lemma dihedral_invariants_subset:
  assumes F: "S_subalgebra F" and "0 < n"
    and p: "sym_mono [False, True] \<in> F" and q: "sym_mono (replicate n False) \<in> F"
  shows "dihedral_invariants n \<subseteq> F"
proof
  fix f assume "f \<in> dihedral_invariants n"
  then have finite: "finite {w. f w \<noteq> 0}" and weight: "\<And>w. f w \<noteq> 0 \<Longrightarrow> int n dvd weight w"
    and swap: "\<And>w. f (map Not w) = f w"
    by (auto simp: dihedral_invariants_iff[OF \<open>0 < n\<close>] fa_carrier_def)
  define S where "S = {w. f w \<noteq> 0}"
  have expansion: "f = fa_smult (1/2) (\<lambda>z. \<Sum>w\<in>S. f w * sym_mono w z)"
  proof
    fix z
    have "(\<Sum>w\<in>S. f w * sym_mono w z)
        = (\<Sum>w\<in>S. if w = z then f w else 0) + (\<Sum>w\<in>S. if w = map Not z then f w else 0)"
      unfolding sum.distrib[symmetric]
      by (intro sum.cong refl) (auto simp: sym_mono_def fa_add_def fa_mono_def map_Not_eq_iff comp_def)
    also have "\<dots> = f z + f (map Not z)"
      using finite unfolding S_def by (simp add: sum.delta')
    also have "\<dots> = 2 * f z"
      using swap by simp
    finally show "f z = fa_smult (1/2) (\<lambda>z. \<Sum>w\<in>S. f w * sym_mono w z) z"
      by (simp add: fa_smult_def)
  qed
  have "sym_mono w \<in> F" if "w \<in> S" for w
    using that weight unfolding S_def by (intro sym_mono_mem_if_weight_dvd[OF F \<open>0 < n\<close> p q]) auto
  then have "(\<lambda>z. \<Sum>w\<in>S. f w * sym_mono w z) \<in> F"
    using finite unfolding S_def by (intro S_subalgebra_sum[OF F])
  then show "f \<in> F"
    by (subst expansion) (rule S_subalgebra_smult[OF F])
qed

theorem mainTheorem3:
  fixes n :: nat
  assumes "n \<ge> 3"
  shows "S_generated {fa_add (fa_mult fa_u fa_v) (fa_mult fa_v fa_u),
                      fa_add (fa_pow fa_u n) (fa_pow fa_v n)}
         = dihedral_invariants n"
proof -
  let ?G = "{sym_mono [False, True], sym_mono (replicate n False)}"
  have "0 < n"
    using assms by simp
  have generators: "{fa_add (fa_mult fa_u fa_v) (fa_mult fa_v fa_u), fa_add (fa_pow fa_u n) (fa_pow fa_v n)} = ?G"
    by (simp add: fa_u_def fa_v_def fa_mult_fa_mono fa_pow_fa_mono_singleton sym_mono_def)
  have "?G \<subseteq> dihedral_invariants n"
    using sym_mono_dihedral_invariants[OF \<open>0 < n\<close>] by simp
  then have "S_generated ?G \<subseteq> dihedral_invariants n"
    unfolding S_generated_def using S_subalgebra_dihedral_invariants[OF \<open>0 < n\<close>] by blast
  moreover have "dihedral_invariants n \<subseteq> S_generated ?G"
    unfolding S_generated_def using dihedral_invariants_subset[OF _ \<open>0 < n\<close>] by blast
  ultimately show ?thesis
    unfolding generators by (rule antisym)
qed

end
theorem theorem3:
  fixes s1 s2 p1 p2 m k :: nat
  assumes "s1 \<ge> 1" "s2 \<ge> 1" "p1 \<ge> 1" "p2 \<ge> 1" "m \<ge> 1" "k \<ge> 1"
    and "m \<ge> s1 + s2 - 1"
  shows "(\<Sum>n. hyperharm p1 s1 (n+1) * hyperharm p2 s2 (n+1)
              / ((real (n+1)) ^ m * real ((n + 1 + k) choose k)))
       = (\<Sum>l1=0..s1-1. \<Sum>t1=0..s1-1-l1. \<Sum>l2=0..s2-1. \<Sum>t2=0..s2-1-l2.
            acoef s1 l1 t1 * acoef s2 l2 t2 *
            (\<Sum>r=1..k. (-1) ^ (r+1) * real r * real (k choose r) *
               Tsum (int p1 - int l1) (int p2 - int l2) (m - t1 - t2) r))"
proof -
  have summable: "summable (Tsum_term (int p1 - int l1) (int p2 - int l2) (m - t1 - t2) r)"
    if "l1 + t1 \<le> s1 - 1" "l2 + t2 \<le> s2 - 1" for l1 t1 l2 t2 r
  proof (rule summable_Tsum_term)
    have "nat (1 - (int p1 - int l1)) \<le> l1" "nat (1 - (int p2 - int l2)) \<le> l2"
      using assms(3,4) by arith+
    then show "nat (1 - (int p1 - int l1)) + nat (1 - (int p2 - int l2)) + 1 \<le> m - t1 - t2"
      using that assms(1,2,7) by arith
  qed
  have "(\<lambda>n. \<Sum>l1=0..s1-1. \<Sum>t1=0..s1-1-l1. \<Sum>l2=0..s2-1. \<Sum>t2=0..s2-1-l2.
          acoef s1 l1 t1 * acoef s2 l2 t2 *
          (\<Sum>r=1..k. (-1) ^ (r+1) * real r * real (k choose r) *
             Tsum_term (int p1 - int l1) (int p2 - int l2) (m - t1 - t2) r n))
      sums (\<Sum>l1=0..s1-1. \<Sum>t1=0..s1-1-l1. \<Sum>l2=0..s2-1. \<Sum>t2=0..s2-1-l2.
            acoef s1 l1 t1 * acoef s2 l2 t2 *
            (\<Sum>r=1..k. (-1) ^ (r+1) * real r * real (k choose r) *
               Tsum (int p1 - int l1) (int p2 - int l2) (m - t1 - t2) r))"
    unfolding Tsum_eq_suminf by (intro sums_sum sums_mult summable_sums summable) auto
  then show ?thesis
    by (simp only: hyperharm_product_div_binomial_eq[OF assms(1,2,6,7)] sums_unique[symmetric])
qed

end
lemma homog_lift_card_repelling_fixed_points:
  assumes "homog_lift f d A B"
  shows "finite {x. repelling_fixed_point f x} \<and> card {x. repelling_fixed_point f x} \<le> d + 1"
proof (cases "\<forall>z. f (Some z) = Some z")
  case True
  then show ?thesis using not_repelling_fixed_point_if_fixes_finite by simp
next
  case False
  have "{x. repelling_fixed_point f x} \<subseteq> {x. f x = x}"
    by (auto simp: repelling_fixed_point_def)
  with homog_lift_card_fixed_points[OF assms] False show ?thesis
    by (meson card_mono finite_subset le_trans)
qed

lemma sum_prod_list_lists_length_eq:
  fixes d :: "'b \<Rightarrow> 'a::comm_semiring_1"
  assumes "finite A"
  shows "(\<Sum>js\<in>{js. set js \<subseteq> A \<and> length js = n}. prod_list (map d js)) = (\<Sum>j\<in>A. d j) ^ n"
proof (induction n)
  case 0
  have "{js. set js \<subseteq> A \<and> length js = 0} = {[]}" by auto
  then show ?case by simp
next
  case (Suc n)
  let ?L = "\<lambda>n. {js. set js \<subseteq> A \<and> length js = n}"
  have L_Suc: "?L (Suc n) = (\<lambda>(j, js). j # js) ` (A \<times> ?L n)"
    by (auto simp: image_iff length_Suc_conv)
  have "inj_on (\<lambda>(j, js). j # js) (A \<times> ?L n)" by (auto simp: inj_on_def)
  then have "(\<Sum>js\<in>?L (Suc n). prod_list (map d js)) = (\<Sum>(j, js)\<in>A \<times> ?L n. d j * prod_list (map d js))"
    unfolding L_Suc by (simp add: sum.reindex split_def)
  also have "\<dots> = (\<Sum>j\<in>A. d j) * (\<Sum>js\<in>?L n. prod_list (map d js))"
    by (simp add: sum.cartesian_product[symmetric] sum_product)
  finally show ?case using Suc by simp
qed

lemma repelling_pts_mult_eq_UN:
  "repelling_pts_mult g N n = (\<Union>js\<in>{js. set js \<subseteq> {..<N} \<and> length js = n}.
     (\<lambda>x. (x, js)) ` {x. repelling_fixed_point (compose_seq g js) x})"
  by (auto simp: repelling_pts_mult_def)

lemma card_repelling_pts_mult_le:
  assumes "\<And>j. j < N \<Longrightarrow> homog_lift (g j) (d j) (A j) (B j)"
  shows "finite (repelling_pts_mult g N n)
    \<and> card (repelling_pts_mult g N n) \<le> (\<Sum>j<N. d j) ^ n + N ^ n"
proof -
  define L where "L = {js. set js \<subseteq> {..<N} \<and> length js = n}"
  define F where "F js = (\<lambda>x. (x, js)) ` {x. repelling_fixed_point (compose_seq g js) x}" for js
  have "finite L" unfolding L_def by (simp add: finite_lists_length_eq)
  have F: "finite (F js) \<and> card (F js) \<le> prod_list (map d js) + 1" if "js \<in> L" for js
  proof -
    obtain A' B' where "homog_lift (compose_seq g js) (prod_list (map d js)) A' B'"
      using homog_lift_compose_seq[of js g d A B] assms \<open>js \<in> L\<close> by (auto simp: L_def)
    from homog_lift_card_repelling_fixed_points[OF this] show ?thesis
      unfolding F_def using card_image_le le_trans by blast
  qed
  have "card (\<Union>js\<in>L. F js) \<le> (\<Sum>js\<in>L. card (F js))"
    using \<open>finite L\<close> by (rule card_UN_le)
  also have "\<dots> \<le> (\<Sum>js\<in>L. prod_list (map d js) + 1)"
    using F by (intro sum_mono) blast
  also have "\<dots> = (\<Sum>js\<in>L. prod_list (map d js)) + card L"
    by (simp only: sum.distrib) simp
  also have "\<dots> = (\<Sum>j<N. d j) ^ n + N ^ n"
    unfolding L_def by (simp add: sum_prod_list_lists_length_eq card_lists_length_eq)
  finally show ?thesis
    using \<open>finite L\<close> F unfolding repelling_pts_mult_eq_UN L_def[symmetric] F_def[symmetric] by blast
qed

theorem mainTheorem7:
  fixes P Q :: "nat \<Rightarrow> complex poly" and N n D :: nat
  assumes "\<And>j. j < N \<Longrightarrow> coprime (P j) (Q j)"
    and "D = (\<Sum>j<N. rat_degree (P j) (Q j))"
    and "n \<ge> 1"
  shows "finite (repelling_pts_mult (\<lambda>j. rat_eval (P j) (Q j)) N n)
    \<and> card (repelling_pts_mult (\<lambda>j. rat_eval (P j) (Q j)) N n) \<le> D ^ n + N ^ n"
proof -
  have "homog_lift (rat_eval (P j) (Q j)) (rat_degree (P j) (Q j)) (P j) (Q j)" if "j < N" for j
    using assms(1)[OF that] by (rule homog_lift_rat_eval)
  then show ?thesis unfolding assms(2) by (rule card_repelling_pts_mult_le)
qed

end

========================================================================

**To do**
Your reply must contain exactly the lines from the first line of the data through the line holding "define S where", and nothing more.

**Result**
lemma dihedral_invariants_subset:
  assumes F: "S_subalgebra F" and "0 < n"
    and p: "sym_mono [False, True] \<in> F" and q: "sym_mono (replicate n False) \<in> F"
  shows "dihedral_invariants n \<subseteq> F"
proof
  fix f assume "f \<in> dihedral_invariants n"
  then have finite: "finite {w. f w \<noteq> 0}" and weight: "\<And>w. f w \<noteq> 0 \<Longrightarrow> int n dvd weight w"
    and swap: "\<And>w. f (map Not w) = f w"
    by (auto simp: dihedral_invariants_iff[OF \<open>0 < n\<close>] fa_carrier_def)
  define S where "S = {w. f w \<noteq> 0}"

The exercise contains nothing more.